→ Work to complete:
Look through the data below for the line with "(?U \<frown> morph_inf", and transcribe it exactly together with each line after it up to and including the line with "n) = block_start". Give nothing else.

→ The data:
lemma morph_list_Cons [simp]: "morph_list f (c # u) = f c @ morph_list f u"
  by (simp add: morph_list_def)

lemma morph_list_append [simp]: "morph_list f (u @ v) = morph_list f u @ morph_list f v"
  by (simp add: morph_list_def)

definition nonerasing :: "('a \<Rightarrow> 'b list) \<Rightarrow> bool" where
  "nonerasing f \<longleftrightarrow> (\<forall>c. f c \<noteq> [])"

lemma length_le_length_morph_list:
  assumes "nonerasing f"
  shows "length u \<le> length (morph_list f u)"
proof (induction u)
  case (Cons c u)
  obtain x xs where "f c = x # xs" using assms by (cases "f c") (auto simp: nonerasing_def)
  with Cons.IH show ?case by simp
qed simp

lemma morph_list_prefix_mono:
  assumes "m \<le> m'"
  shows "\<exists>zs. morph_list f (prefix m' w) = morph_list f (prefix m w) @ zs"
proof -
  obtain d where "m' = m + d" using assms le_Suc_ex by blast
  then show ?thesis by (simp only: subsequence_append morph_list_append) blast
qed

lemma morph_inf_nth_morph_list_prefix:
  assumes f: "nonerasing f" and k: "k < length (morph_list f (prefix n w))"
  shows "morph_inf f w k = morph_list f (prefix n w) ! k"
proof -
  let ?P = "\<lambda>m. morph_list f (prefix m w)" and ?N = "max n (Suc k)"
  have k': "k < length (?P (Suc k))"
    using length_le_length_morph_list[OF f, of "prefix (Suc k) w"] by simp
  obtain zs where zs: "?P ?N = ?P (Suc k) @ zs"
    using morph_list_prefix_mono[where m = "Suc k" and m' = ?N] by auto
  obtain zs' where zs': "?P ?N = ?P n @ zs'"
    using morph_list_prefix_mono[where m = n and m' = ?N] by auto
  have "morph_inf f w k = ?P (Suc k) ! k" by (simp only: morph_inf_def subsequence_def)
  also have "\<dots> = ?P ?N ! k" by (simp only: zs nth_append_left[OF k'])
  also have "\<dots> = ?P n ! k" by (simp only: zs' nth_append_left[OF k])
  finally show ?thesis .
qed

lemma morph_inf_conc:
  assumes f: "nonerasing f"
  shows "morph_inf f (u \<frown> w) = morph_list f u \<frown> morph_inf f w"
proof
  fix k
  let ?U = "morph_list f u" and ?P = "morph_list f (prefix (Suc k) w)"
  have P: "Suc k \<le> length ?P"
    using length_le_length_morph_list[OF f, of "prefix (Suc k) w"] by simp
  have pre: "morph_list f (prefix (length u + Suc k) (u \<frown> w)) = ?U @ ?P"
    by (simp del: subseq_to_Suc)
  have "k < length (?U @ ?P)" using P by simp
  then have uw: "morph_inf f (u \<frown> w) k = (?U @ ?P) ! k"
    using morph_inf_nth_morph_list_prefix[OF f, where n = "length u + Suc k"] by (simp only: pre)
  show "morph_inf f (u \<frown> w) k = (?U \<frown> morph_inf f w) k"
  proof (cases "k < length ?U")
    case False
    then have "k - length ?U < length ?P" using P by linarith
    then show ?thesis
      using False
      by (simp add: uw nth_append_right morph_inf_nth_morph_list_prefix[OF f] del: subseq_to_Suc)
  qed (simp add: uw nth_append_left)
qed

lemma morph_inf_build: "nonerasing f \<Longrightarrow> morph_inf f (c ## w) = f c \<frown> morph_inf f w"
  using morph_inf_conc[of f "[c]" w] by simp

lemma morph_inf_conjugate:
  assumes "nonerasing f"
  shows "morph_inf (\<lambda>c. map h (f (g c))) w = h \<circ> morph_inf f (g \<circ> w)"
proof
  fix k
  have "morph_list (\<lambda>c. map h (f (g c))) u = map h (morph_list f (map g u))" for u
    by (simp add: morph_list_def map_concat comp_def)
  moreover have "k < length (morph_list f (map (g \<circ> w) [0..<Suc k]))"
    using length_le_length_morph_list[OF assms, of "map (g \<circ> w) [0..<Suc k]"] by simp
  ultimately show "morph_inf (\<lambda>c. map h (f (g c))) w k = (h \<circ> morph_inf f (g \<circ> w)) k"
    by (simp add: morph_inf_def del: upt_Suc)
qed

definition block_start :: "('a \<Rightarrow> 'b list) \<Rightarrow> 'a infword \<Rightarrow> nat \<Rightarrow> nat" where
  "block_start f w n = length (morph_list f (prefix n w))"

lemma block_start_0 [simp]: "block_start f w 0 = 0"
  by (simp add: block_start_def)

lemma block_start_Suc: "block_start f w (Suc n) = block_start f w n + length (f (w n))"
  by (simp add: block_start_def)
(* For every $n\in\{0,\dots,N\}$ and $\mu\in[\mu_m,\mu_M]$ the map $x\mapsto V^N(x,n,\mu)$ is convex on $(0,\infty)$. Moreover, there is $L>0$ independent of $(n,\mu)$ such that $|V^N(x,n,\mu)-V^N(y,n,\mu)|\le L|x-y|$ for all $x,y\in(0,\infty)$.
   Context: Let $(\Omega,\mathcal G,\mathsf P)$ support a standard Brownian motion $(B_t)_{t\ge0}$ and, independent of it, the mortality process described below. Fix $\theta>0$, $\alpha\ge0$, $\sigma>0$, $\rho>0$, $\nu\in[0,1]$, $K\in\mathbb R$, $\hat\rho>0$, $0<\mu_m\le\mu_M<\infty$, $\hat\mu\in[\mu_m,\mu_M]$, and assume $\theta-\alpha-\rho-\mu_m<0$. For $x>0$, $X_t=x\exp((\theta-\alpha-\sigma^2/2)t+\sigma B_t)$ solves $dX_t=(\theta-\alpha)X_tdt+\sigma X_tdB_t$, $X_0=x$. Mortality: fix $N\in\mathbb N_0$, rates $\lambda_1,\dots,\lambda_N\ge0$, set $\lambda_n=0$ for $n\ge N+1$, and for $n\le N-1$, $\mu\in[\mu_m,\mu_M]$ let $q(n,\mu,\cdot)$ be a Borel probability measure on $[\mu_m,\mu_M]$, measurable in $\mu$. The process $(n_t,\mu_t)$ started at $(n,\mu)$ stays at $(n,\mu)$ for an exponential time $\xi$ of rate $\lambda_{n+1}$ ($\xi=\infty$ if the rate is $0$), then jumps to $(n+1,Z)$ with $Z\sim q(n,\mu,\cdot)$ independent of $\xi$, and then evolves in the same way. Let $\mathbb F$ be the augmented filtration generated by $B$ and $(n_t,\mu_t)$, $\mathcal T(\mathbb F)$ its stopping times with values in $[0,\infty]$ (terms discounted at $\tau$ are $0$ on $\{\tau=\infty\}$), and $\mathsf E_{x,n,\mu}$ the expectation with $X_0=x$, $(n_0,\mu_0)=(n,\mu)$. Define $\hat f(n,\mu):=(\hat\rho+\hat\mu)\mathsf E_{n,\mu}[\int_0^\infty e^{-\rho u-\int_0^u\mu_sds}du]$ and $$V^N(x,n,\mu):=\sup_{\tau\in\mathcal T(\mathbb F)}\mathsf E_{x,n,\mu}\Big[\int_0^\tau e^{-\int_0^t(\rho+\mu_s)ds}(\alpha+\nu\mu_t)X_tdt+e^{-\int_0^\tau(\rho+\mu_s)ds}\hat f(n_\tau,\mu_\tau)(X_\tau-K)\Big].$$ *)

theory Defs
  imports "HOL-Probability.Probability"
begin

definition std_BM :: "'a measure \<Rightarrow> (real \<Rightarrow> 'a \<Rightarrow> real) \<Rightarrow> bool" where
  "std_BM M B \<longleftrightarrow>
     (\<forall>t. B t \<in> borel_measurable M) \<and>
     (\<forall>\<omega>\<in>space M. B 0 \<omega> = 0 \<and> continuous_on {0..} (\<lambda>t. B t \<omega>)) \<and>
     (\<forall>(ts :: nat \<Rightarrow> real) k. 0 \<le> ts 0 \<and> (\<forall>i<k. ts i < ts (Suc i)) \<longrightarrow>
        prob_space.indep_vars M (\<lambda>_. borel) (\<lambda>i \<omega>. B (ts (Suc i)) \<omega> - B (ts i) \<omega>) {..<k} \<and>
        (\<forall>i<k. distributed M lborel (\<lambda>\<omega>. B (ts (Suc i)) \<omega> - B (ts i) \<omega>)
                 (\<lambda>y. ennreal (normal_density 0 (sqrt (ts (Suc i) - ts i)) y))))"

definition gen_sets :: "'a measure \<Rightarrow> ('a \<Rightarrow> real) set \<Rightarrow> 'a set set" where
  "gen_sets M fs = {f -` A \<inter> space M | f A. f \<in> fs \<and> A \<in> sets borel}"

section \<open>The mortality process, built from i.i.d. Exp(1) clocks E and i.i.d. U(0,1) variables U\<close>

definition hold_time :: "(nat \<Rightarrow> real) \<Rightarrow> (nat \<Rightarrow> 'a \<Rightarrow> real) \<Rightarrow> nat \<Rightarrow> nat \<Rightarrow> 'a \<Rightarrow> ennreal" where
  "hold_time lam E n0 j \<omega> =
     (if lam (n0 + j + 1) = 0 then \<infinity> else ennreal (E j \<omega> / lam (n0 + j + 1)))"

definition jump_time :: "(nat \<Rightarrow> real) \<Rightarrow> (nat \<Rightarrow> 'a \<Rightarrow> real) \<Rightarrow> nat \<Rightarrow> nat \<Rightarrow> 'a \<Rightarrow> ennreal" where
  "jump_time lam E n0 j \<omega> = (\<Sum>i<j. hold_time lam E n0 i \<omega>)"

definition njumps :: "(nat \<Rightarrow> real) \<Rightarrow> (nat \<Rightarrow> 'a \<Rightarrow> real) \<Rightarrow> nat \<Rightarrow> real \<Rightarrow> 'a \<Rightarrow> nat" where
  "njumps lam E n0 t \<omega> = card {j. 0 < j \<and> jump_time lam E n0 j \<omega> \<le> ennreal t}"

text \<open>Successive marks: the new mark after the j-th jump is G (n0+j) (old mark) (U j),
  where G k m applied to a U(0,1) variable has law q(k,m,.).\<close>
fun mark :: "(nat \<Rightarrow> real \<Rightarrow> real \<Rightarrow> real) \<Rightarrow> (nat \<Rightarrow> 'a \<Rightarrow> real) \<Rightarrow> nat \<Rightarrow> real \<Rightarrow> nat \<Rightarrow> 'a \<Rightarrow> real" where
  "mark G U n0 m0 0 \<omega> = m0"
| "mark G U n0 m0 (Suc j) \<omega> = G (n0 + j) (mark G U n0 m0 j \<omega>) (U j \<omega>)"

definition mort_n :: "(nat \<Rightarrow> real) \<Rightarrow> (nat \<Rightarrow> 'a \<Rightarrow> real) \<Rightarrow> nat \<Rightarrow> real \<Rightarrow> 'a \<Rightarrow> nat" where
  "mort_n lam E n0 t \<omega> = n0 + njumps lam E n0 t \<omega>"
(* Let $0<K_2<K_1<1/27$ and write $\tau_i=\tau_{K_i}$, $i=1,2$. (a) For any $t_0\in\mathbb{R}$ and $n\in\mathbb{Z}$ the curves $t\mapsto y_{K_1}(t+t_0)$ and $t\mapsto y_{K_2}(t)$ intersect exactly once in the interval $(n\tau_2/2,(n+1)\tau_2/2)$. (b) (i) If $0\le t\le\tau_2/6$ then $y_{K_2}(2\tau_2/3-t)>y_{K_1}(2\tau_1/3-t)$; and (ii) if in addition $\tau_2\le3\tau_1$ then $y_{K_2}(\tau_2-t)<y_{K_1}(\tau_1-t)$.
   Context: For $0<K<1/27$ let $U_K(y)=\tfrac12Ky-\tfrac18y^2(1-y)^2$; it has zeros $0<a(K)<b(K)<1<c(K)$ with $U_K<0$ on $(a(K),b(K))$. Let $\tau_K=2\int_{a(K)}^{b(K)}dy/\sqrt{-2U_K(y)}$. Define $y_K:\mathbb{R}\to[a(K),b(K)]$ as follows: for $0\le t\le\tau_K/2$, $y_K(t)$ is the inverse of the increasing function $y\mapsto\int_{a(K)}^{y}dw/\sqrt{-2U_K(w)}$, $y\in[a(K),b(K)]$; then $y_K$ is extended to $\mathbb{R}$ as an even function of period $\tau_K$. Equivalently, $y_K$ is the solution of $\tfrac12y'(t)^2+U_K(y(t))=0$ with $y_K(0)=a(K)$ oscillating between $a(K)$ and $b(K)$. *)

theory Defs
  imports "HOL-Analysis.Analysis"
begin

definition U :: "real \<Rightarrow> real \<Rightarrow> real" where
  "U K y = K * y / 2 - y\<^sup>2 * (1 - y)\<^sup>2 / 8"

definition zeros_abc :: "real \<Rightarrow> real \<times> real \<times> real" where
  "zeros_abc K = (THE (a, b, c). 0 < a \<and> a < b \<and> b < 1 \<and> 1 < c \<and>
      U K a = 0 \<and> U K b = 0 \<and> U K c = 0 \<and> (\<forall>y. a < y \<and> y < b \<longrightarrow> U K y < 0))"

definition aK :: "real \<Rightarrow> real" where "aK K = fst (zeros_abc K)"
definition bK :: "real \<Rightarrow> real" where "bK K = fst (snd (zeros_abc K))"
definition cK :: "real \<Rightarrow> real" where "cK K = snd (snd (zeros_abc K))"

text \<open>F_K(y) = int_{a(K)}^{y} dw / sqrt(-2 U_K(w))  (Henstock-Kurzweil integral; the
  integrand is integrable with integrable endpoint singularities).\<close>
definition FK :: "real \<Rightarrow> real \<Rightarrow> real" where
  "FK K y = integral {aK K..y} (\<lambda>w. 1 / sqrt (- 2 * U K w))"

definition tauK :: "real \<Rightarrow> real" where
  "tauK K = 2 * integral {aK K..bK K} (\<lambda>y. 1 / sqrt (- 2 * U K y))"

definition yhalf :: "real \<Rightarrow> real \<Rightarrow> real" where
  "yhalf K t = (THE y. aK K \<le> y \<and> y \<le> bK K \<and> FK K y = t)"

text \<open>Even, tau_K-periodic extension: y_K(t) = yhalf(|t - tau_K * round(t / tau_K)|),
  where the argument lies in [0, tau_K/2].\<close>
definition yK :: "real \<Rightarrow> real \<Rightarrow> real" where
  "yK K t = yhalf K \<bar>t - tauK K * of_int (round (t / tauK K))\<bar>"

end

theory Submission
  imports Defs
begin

→ Output of the task:
  show "morph_inf f (u \<frown> w) k = (?U \<frown> morph_inf f w) k"
  proof (cases "k < length ?U")
    case False
    then have "k - length ?U < length ?P" using P by linarith
    then show ?thesis
      using False
      by (simp add: uw nth_append_right morph_inf_nth_morph_list_prefix[OF f] del: subseq_to_Suc)
  qed (simp add: uw nth_append_left)
qed

lemma morph_inf_build: "nonerasing f \<Longrightarrow> morph_inf f (c ## w) = f c \<frown> morph_inf f w"
  using morph_inf_conc[of f "[c]" w] by simp

lemma morph_inf_conjugate:
  assumes "nonerasing f"
  shows "morph_inf (\<lambda>c. map h (f (g c))) w = h \<circ> morph_inf f (g \<circ> w)"
proof
  fix k
  have "morph_list (\<lambda>c. map h (f (g c))) u = map h (morph_list f (map g u))" for u
    by (simp add: morph_list_def map_concat comp_def)
  moreover have "k < length (morph_list f (map (g \<circ> w) [0..<Suc k]))"
    using length_le_length_morph_list[OF assms, of "map (g \<circ> w) [0..<Suc k]"] by simp
  ultimately show "morph_inf (\<lambda>c. map h (f (g c))) w k = (h \<circ> morph_inf f (g \<circ> w)) k"
    by (simp add: morph_inf_def del: upt_Suc)
qed

definition block_start :: "('a \<Rightarrow> 'b list) \<Rightarrow> 'a infword \<Rightarrow> nat \<Rightarrow> nat" where
  "block_start f w n = length (morph_list f (prefix n w))"

lemma block_start_0 [simp]: "block_start f w 0 = 0"
  by (simp add: block_start_def)

lemma block_start_Suc: "block_start f w (Suc n) = block_start f w n + length (f (w n))"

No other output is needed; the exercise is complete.